We have all heard of the Great Resignation, a term coined to describe the millions of employees that left their jobs since the onset of the COVID pandemic in 2020. Many employees who moved on to another job are having second thoughts about their decision—a new phenomenon that is being referred to as the Great Regret.
Nearly three-quarters of respondents to a survey conducted by Muse, a career website, said their new jobs weren’t what they expected. This “quitter’s remorse” is also affecting employers, who are currently showing 11.4 million job openings nationwide, according to the Bureau of Labor Statistics.
The current employee-driven jobs market may be unsettling, but it presents an opportunity for plan sponsors to hone their benefits offerings and improve participant communications to become an employer of choice for persnickety job seekers.
Why do employees stay or leave
While about 40 percent of employees say they plan to leave their jobs within the next year, according to a recent survey conducted by talent acquisition firm, Leveler, Gen Z workers are leading that drive, as 65 percent plan to leave for other opportunities. Factors that tend to keep employees at their current job include salary and bonus levels that are too good to leave; paid time off and flexibility; and the potential for upward mobility.
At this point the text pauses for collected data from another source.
lemma diag_mat_conj_expand:
  "V ** diag_mat d ** W = (\<Sum>i\<in>UNIV. d i *\<^sub>R (\<chi> r s. V $ r $ i * W $ i $ s))"
  by (simp add: vec_eq_iff diag_mat_conj_entry mult_ac)

lemma abs_le_spec_norm_diag_mat: "\<bar>d i\<bar> \<le> spec_norm (diag_mat d)"
  using matrix_component_le_onorm[of "diag_mat d" i i] by (simp add: spec_norm_def diag_mat_def)

lemma orthogonal_conj_mult:
  assumes "orthogonal_matrix V"
  shows "(V ** A ** transpose V) ** (V ** B ** transpose V) = V ** (A ** B) ** transpose V"
proof -
  have VV: "transpose V ** V = mat 1"
    using assms by (simp add: orthogonal_matrix_def)
  have "(V ** A ** transpose V) ** (V ** B ** transpose V)
      = V ** A ** (transpose V ** V) ** B ** transpose V"
    by (simp add: matrix_mul_assoc)
  also have "\<dots> = V ** (A ** B) ** transpose V"
    by (simp add: VV matrix_mul_assoc)
  finally show ?thesis .
qed

lemma mat_pow_orthogonal_conj:
  assumes "orthogonal_matrix V"
  shows "mat_pow (V ** A ** transpose V) k = V ** mat_pow A k ** transpose V"
  using assms by (induction k) (simp_all add: orthogonal_matrix_def orthogonal_conj_mult)

lemma mat_pow_diag_mat: "mat_pow (diag_mat l) k = diag_mat (\<lambda>i. l i ^ k)"
  by (induction k) (simp_all add: diag_mat_one diag_mat_mult)

lemma spec_norm_diag_mat_le:
  assumes "\<And>i. \<bar>d i\<bar> \<le> K"
  shows "spec_norm (diag_mat d :: real^'n^'n) \<le> K"
proof (rule spec_norm_le)
  fix x :: "real^'n"
  have K: "K \<ge> 0" using assms[of undefined] by simp
  have "(norm (diag_mat d *v x))\<^sup>2 = (\<Sum>i\<in>UNIV. (d i * x $ i)\<^sup>2)"
    unfolding norm_power2_vec
    by (simp add: matrix_vector_mult_def diag_mat_def if_distrib[of "\<lambda>x. x * _"] cong: if_cong)
  also have "\<dots> \<le> (\<Sum>i\<in>UNIV. K\<^sup>2 * (x $ i)\<^sup>2)"
  proof (rule sum_mono)
    fix i
    have "(d i)\<^sup>2 \<le> K\<^sup>2"
      using assms[of i] by (metis abs_ge_zero power2_abs power_mono)
    then show "(d i * x $ i)\<^sup>2 \<le> K\<^sup>2 * (x $ i)\<^sup>2"
      by (simp add: power_mult_distrib mult_right_mono)
  qed
  also have "\<dots> = (K * norm x)\<^sup>2"
    by (simp add: norm_power2_vec power_mult_distrib sum_distrib_left)
  finally show "norm (diag_mat d *v x) \<le> K * norm x"
    using K by (simp add: power2_le_iff_abs_le)
qed

lemma spec_norm_orthogonal_conj_diff_le:
  assumes U: "orthogonal_matrix U" and V: "orthogonal_matrix V"
  shows "spec_norm (U ** M ** transpose U - V ** M ** transpose V)
    \<le> 2 * spec_norm (U - V) * spec_norm M"
proof -
  have split: "U ** M ** transpose U - V ** M ** transpose V
      = (U - V) ** M ** transpose U + V ** M ** transpose (U - V)"
    by (simp add: matrix_diff_ldistrib matrix_diff_rdistrib transpose_diff)
  have "spec_norm ((U - V) ** M ** transpose U) \<le> spec_norm (U - V) * spec_norm M"
    using U spec_norm_mult[of "U - V" M] by (simp add: spec_norm_orthogonal_mult_right)
  moreover have "spec_norm (V ** M ** transpose (U - V)) \<le> spec_norm (U - V) * spec_norm M"
    using V spec_norm_mult[of M "transpose (U - V)"]
    by (simp add: spec_norm_orthogonal_mult_left spec_norm_transpose mult.commute
        flip: matrix_mul_assoc)
  ultimately show ?thesis
    using spec_norm_triangle[of "(U - V) ** M ** transpose U" "V ** M ** transpose (U - V)"]
    unfolding split by linarith
qed

section \<open>Spectral theorem for real symmetric matrices\<close>

lemma linear_coeff_eq_0_if_nonneg:
  fixes a b :: real
  assumes "\<And>t. 0 \<le> t * a + t\<^sup>2 * b"
  shows "a = 0"
proof (rule ccontr)
  assume "a \<noteq> 0"
  define s where "s = \<bar>b\<bar> + 1"
  have "s > 0"
    by (simp add: s_def add_nonneg_pos)
  have "(- a / s) * a + (- a / s)\<^sup>2 * b \<le> (- a / s) * a + (- a / s)\<^sup>2 * (s - 1)"
    by (simp add: s_def mult_left_mono)
  also have "\<dots> = - a\<^sup>2 / s\<^sup>2"
    using \<open>s > 0\<close> by (simp add: field_simps power2_eq_square)
  also have "\<dots> < 0"
    using \<open>a \<noteq> 0\<close> \<open>s > 0\<close> by simp
  finally show False
    using assms[of "- a / s"] by simp
qed

lemma symmetric_matrix_inner_commute:
  assumes "transpose A = (A::real^'n^'n)"
  shows "inner (A *v x) y = inner x (A *v y)"
  by (metis assms dot_lmul_matrix vector_transpose_matrix)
Leveler found that internal mobility is a particularly important factor in retaining talent. One-third of employees interested in a new role said they would trade a pay cut for upward mobility, and 61 percent said they would leave if the company did not offer opportunities for promotion.
The Muse survey also found that about one-quarter of unhappy workers felt they hadn’t thoroughly evaluated the pros and cons before taking a new job. Boomerang employees—those who leave a company but later return—appear to be on the rise. LinkedIn recently reported approximately 4.3 percent of employees who leave a job end up coming back. Additionally, according to LinkedIn, it takes an average of 17 months for an employee to come back to his or her original job, but many return in less than a year.
Getting creative with benefits
Employers expect to have employment issues over the next several years, and see their defined contribution plan as an important tool to attract and retain talent. Companies that boost flexibility and choice in their benefit plans may separate themselves from the competition and better meet employees’ needs in a historically tight labor environment. Some of the leading strategies include digital tools to help employees with budgeting and spending through their financial wellness programs and targeted communication to support program changes.
Insight: Do your research and communicate effectively
This year’s environment is probably the toughest labor market we have seen in several decades. It is critical that plan sponsors have a detailed understanding of their employee demographics in order to offer the right combination of salary, benefits, and perks. Newer employees often lump perks and benefits together, and many fail to realize that things like free snacks in the break room are perks while the ability to redirect 401(k) contributions to student loan repayments is a benefit. Targeted and frequent communications can be an effective way to help specific segments of your employee population better understand your offerings.